Get a hotel room and just sit at the bar

Anyone who has had enough of being alone or lonely on a weekday can simply book a hotel room in a hotel. Don’t take the most expensive hotel, but just one where everyone comes because it is affordable. Always take a book or newspaper with you. Then don’t stay in your room all evening, but just sit at the bar. Take your book or newspaper with you so you don’t feel bad, but open up the conversation with people around you if you notice that they would appreciate it. Have a drink, offer someone else a drink and just talk about what comes up.
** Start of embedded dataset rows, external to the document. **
lemma small_eigenspaces_extension:
  assumes S': "invariant_subspace f S'" "S \<subseteq> S'" "vec.dim S' = vec.dim S + 2"
    and k: "1 \<le> k"
    and not_subset: "\<And>\<alpha>. critical \<alpha> \<Longrightarrow> \<not> S' \<subseteq> rel_range f S \<alpha>"
  shows "small_eigenspaces f S' (k - 1)"
proof -
  interpret S': invariant_subspace f S' by fact
  have "vec.dim (rel_eigenspace f S' \<nu>) \<le> vec.dim S' + (k - 1)" for \<nu>
  proof -
    have sub: "rel_range f S \<nu> \<subseteq> rel_range f S' \<nu>"
      using rel_range_mono[OF assms(2)] .
    have dims: "vec.dim (rel_eigenspace f S \<nu>) + vec.dim (rel_range f S \<nu>) = CARD('n) + vec.dim S"
        "vec.dim (rel_eigenspace f S' \<nu>) + vec.dim (rel_range f S' \<nu>) = CARD('n) + vec.dim S'"
      by (rule dim_rel_eigenspace_add_dim_rel_range S'.dim_rel_eigenspace_add_dim_rel_range)+
    show ?thesis
    proof (cases "critical \<nu>")
      case True
      \<comment> \<open>Here the relative range grows strictly, which compensates for the growth of \<open>S\<close>.\<close>
      then have "rel_range f S \<nu> \<noteq> rel_range f S' \<nu>"
        using not_subset S'.subset_rel_range by blast
      then have "vec.dim (rel_range f S \<nu>) < vec.dim (rel_range f S' \<nu>)"
        using vec.subspace_dim_equal[OF subspace_rel_range S'.subspace_rel_range sub] by fastforce
      then show ?thesis
        using dims True assms(3) k by (simp add: critical_def)
    next
      case False
      then have "vec.dim (rel_eigenspace f S \<nu>) < vec.dim S + k"
        using dim_rel_eigenspace_le[of \<nu>] by (simp add: critical_def)
      moreover have "vec.dim (rel_range f S \<nu>) \<le> vec.dim (rel_range f S' \<nu>)"
        by (rule vec.dim_subset[OF sub])
      ultimately show ?thesis
        using dims assms(3) by linarith
    qed
  qed
  then show ?thesis
    using codim assms(3) k
    by (intro small_eigenspaces.intro[OF S'(1)] small_eigenspaces_axioms.intro) auto
qed

end

locale complex_small_eigenspaces = small_eigenspaces f S k
  for f :: "complex^'n \<Rightarrow> complex^'n" and S k
begin

lemma exists_plane_generator:
  assumes "1 \<le> k"
  shows "\<exists>w. plane_generator f S w"
proof -
  obtain x0 where "x0 \<notin> S"
    using rel_eigenspace_neq_UNIV[OF assms] subset_rel_eigenspace by blast
  then obtain x1 \<mu> where x1: "x1 \<notin> S" "x1 \<in> rel_eigenspace f S \<mu>"
    using exists_rel_eigenvector[OF linear_f subspace_S] by blast
  obtain x0' where "x0' \<notin> rel_eigenspace f S \<mu>"
    using rel_eigenspace_neq_UNIV[OF assms] by blast
  then obtain x2 \<nu> where x2: "x2 \<notin> rel_eigenspace f S \<mu>"
      "x2 \<in> rel_eigenspace f (rel_eigenspace f S \<mu>) \<nu>"
    using exists_rel_eigenvector[OF linear_f subspace_rel_eigenspace] by blast
  show ?thesis
  proof (cases "\<nu> = \<mu>")
    case True
    then show ?thesis
      using x2 unfolding plane_generator_def by blast
  next
    case False
    then obtain x3 where "x3 \<in> rel_eigenspace f S \<nu>" "x3 \<notin> rel_eigenspace f S \<mu>"
      using exists_rel_eigenvector_not_in[OF x2(2,1)] by blast
    then show ?thesis
      using plane_generator_add[OF x1(2,1)] False by blast
  qed
qed

lemma exists_plane_generator_one_critical:
  assumes "critical \<alpha>" and unique: "\<And>\<nu>. critical \<nu> \<Longrightarrow> \<nu> = \<alpha>" and "1 \<le> k"
  shows "\<exists>w. plane_generator f S w \<and> (\<forall>\<nu>. critical \<nu> \<longrightarrow> w \<notin> rel_range f S \<nu>)"
proof -
  let ?E = "rel_eigenspace f S \<alpha>" and ?R = "rel_range f S \<alpha>"
  obtain x0 where "x0 \<notin> ?E"
    using rel_eigenspace_neq_UNIV[OF assms(3)] by blast
  then obtain x2 \<nu> where x2: "x2 \<notin> ?E" "x2 \<in> rel_eigenspace f ?E \<nu>"
    using exists_rel_eigenvector[OF linear_f subspace_rel_eigenspace] by blast
  have "\<exists>w. plane_generator f S w \<and> w \<notin> ?R"
  proof (cases "\<nu> = \<alpha> \<and> x2 \<notin> ?R")
    case True
    then show ?thesis
      using x2 unfolding plane_generator_def by blast
  next
    case False
    obtain z where z: "z \<in> ?R" "z \<notin> ?E"
      and gen: "\<And>x. x \<in> ?E \<Longrightarrow> x \<notin> S \<Longrightarrow> plane_generator f S (x + z)"
    proof (cases "\<nu> = \<alpha>")
      case True
      have "plane_generator f S (x + x2)" if "x \<in> ?E" for x
      proof -
        have "x + x2 \<in> rel_eigenspace f ?E \<alpha>"
          using that x2(2) True rel_eigenspace_subset_rel_eigenspace2
            invariant_subspace.subspace_rel_eigenspace[OF invariant_subspace_rel_eigenspace]
          by (blast intro: vec.subspace_add)
        moreover have "x + x2 \<notin> ?E"
          using that x2(1) vec.subspace_diff[OF subspace_rel_eigenspace, of "x + x2" \<alpha> x] by auto
        ultimately show ?thesis
          unfolding plane_generator_def by blast
      qed
      moreover have "x2 \<in> ?R"
        using False True by blast
      ultimately show thesis
        using that x2(1) by blast
    next
      case False
      then obtain x3 where "x3 \<in> rel_eigenspace f S \<nu>" "x3 \<notin> ?E"
        using exists_rel_eigenvector_not_in[OF x2(2,1)] by blast
      then show thesis
        using that plane_generator_add False rel_eigenspace_subset_rel_range[OF False] by blast
    qed
    obtain x1 where x1: "x1 \<in> ?E" "x1 \<notin> ?R"
      using critical_rel_eigenspace_not_subset_rel_range[OF assms(1) z] by blast
    then have "x1 \<notin> S"
      using subset_rel_range by blast
    moreover have "x1 + z \<notin> ?R"
      using x1(2) z(1) vec.subspace_diff[OF subspace_rel_range, of "x1 + z" \<alpha> z] by auto
    ultimately show ?thesis
      using gen[OF x1(1)] by blast
  qed
  then show ?thesis
    using unique by blast
qed

lemma exists_plane_generator_avoiding_critical:
  assumes "1 \<le> k"
  shows "\<exists>w. plane_generator f S w \<and> (\<forall>\<nu>. critical \<nu> \<longrightarrow> w \<notin> rel_range f S \<nu>)"
proof -
  consider (two) \<alpha> \<mu> where "critical \<alpha>" "critical \<mu>" "\<alpha> \<noteq> \<mu>"
    | (one) \<alpha> where "critical \<alpha>" "\<And>\<nu>. critical \<nu> \<Longrightarrow> \<nu> = \<alpha>"
    | (none) "\<And>\<nu>. \<not> critical \<nu>"
    by blast
  then show ?thesis
  proof cases
    case two
    then show ?thesis
      using exists_plane_generator_two_critical assms by blast
  next
    case one
    then show ?thesis
      using exists_plane_generator_one_critical assms by blast
  next
    case none
    then show ?thesis
      using exists_plane_generator[OF assms] by blast
  qed
qed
That could be work, free time or whatever is going on at the moment. There is always something on the table at a hotel bar. There is often a nice bartender who would like to have a chat. And it is not uncommon for encounters to take place there that lead to a second contact. If that is not the case, that is not a problem. Then just enjoy the interpersonal contact of that moment and hold on to it. Notice that an evening like this can suddenly give you confidence again, but also just a good feeling. And no, you don’t have to bring someone into the room to get that feeling. This often does not solve loneliness, but often increases it. With such actions (you can also just go for a cup of coffee on a weekday and then sit at a long table), build up your self-confidence and notice that you often feel good again after something like that.